These materials should be turned in as follows: (using my name and BU-ID as an
example)
Dmitry’s e-mail is: dponomar@binghamton.edu so his BU-ID is dponomar!
1.) Create a new directory whose name is your BU-ID:
mkdir dponomar/
2.) Copy all relevant files into this new directory (please do not include any .o files,
executables, or copies of the traces)!
3.) Create a tar/gzipped archive whose name is also your BU-ID from the directory
as follows:
tar -czvf dponomar.tar.gz dponomar/
(This should output name of all archived files, make sure there are no .o files,
executables or trace files in this list before submission)!
4.) Submit tar/gzipped archive via MyCourses
Extra Credit:
[up to 20%] Beating the tournament predictor. The tournament predictor described
above should provide the best accuracy compared to all other predictors that you
implemented in this project. As specified in the question above, the tournament
predictor requires 12144 bits to implement it (three 2048-entry tables, with each entry
being two bits). To receive this extra credit, come up with a design of a branch predictor
that beats the tournament predictor without increasing the number of bits needed to
implement the prediction logic.
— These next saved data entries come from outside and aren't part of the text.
lemma uniformly_continuous_trajectory: "uniformly_continuous_on {0..} x"
proof -
  obtain K where K: "compact K" "K \<subseteq> open_orthant" "x ` {0..} \<subseteq> K"
    using trajectory_in_compact by blast
  have "bounded (seir_rhs \<Lambda> b m a1 a2 \<sigma> ` K)"
    using K(1) by (intro compact_imp_bounded compact_continuous_image continuous_on_seir_rhs)
  then obtain B where "B > 0" and B: "\<And>y. y \<in> K \<Longrightarrow> norm (seir_rhs \<Lambda> b m a1 a2 \<sigma> y) \<le> B"
    unfolding bounded_pos by blast
  have "B-lipschitz_on {0..} x"
  proof (rule bounded_derivative_imp_lipschitz)
    show "(x has_derivative (\<lambda>h. h *\<^sub>R seir_rhs \<Lambda> b m a1 a2 \<sigma> (x t))) (at t within {0..})"
      if "t \<in> {0..}" for t
      using has_vector_derivative_trajectory[of t] that by (simp add: has_vector_derivative_def)
    show "onorm (\<lambda>h. h *\<^sub>R seir_rhs \<Lambda> b m a1 a2 \<sigma> (x t)) \<le> B" if "t \<in> {0..}" for t
      using B[of "x t"] K(3) that by (simp add: onorm_scaleR_left[OF bounded_linear_ident] onorm_id) blast
  qed (use \<open>B > 0\<close> in auto)
  then show ?thesis
    by (rule lipschitz_on_uniformly_continuous)
qed

lemma uniformly_continuous_along_trajectory:
  fixes \<phi> :: "real \<times> real \<times> real \<Rightarrow> real"
  assumes "continuous_on open_orthant \<phi>"
  shows "uniformly_continuous_on {0..} (\<lambda>t. \<phi> (x t))"
proof -
  obtain K where K: "compact K" "K \<subseteq> open_orthant" "x ` {0..} \<subseteq> K"
    using trajectory_in_compact by blast
  show ?thesis
    by (rule uniformly_continuous_on_compose_compact[OF uniformly_continuous_trajectory K(3,1)
          continuous_on_subset[OF assms K(2)]])
qed

lemma dissipation_tendsto_0: "((\<lambda>t. dissipation (x t)) \<longlongrightarrow> 0) at_top"
proof -
  have "0 \<le> lyap (x t)" if "t \<ge> 0" for t
    using lyap_nonneg trajectory_in_open_orthant[OF that] by simp
  then have "bdd_below ((\<lambda>t. lyap (x t)) ` {0..})"
    by (intro bdd_belowI[of _ 0]) auto
  then have "((\<lambda>t. lyap (x t)) \<longlongrightarrow> Inf ((\<lambda>t. lyap (x t)) ` {0..})) at_top"
    using lyap_antimono by (intro antimono_tendsto_Inf)
  then have "((\<lambda>t. - dissipation (x t)) \<longlongrightarrow> 0) at_top"
    using lyap_has_real_derivative trajectory_in_open_orthant
      uniformly_continuous_along_trajectory[OF continuous_on_minus[OF continuous_on_dissipation]]
    by (intro barbalat) auto
  from tendsto_minus[OF this] show ?thesis
    by simp
qed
Your solution should be general (i.e. you cannot
somehow hard-code the optimal solution only for the traces given) and should provide
benefits on at least some of the provided traces. Note that simply changing the initial
state of the existing predictors (even if that increases accuracy slightly) will not give you
the extra credit. You should describe your new design in detail in the project report
document and explain the intuition behind your approach. Don’t be afraid to innovate
and test your ideas we will account for both ideas and results in determining the extra
credit grade. Feel free to read some related research papers to get inspired with ideas
(for example, you can look up the TAGE predictor and try to implement that). Note: If
you decide to do the extra credit, when submitting your code do not print any output
from this predictor. However, be sure to note that you completed the extra credit in
your README file. Additionally, your README should contain details of the design that
you implemented including an analysis of how many bits the design requires to
implement.!
Clarifications
This is a list of things that may or may not be explicitly mentioned above, that you
should watch out for:
- Both bimodal predictors do not require you to test with a table size of 64.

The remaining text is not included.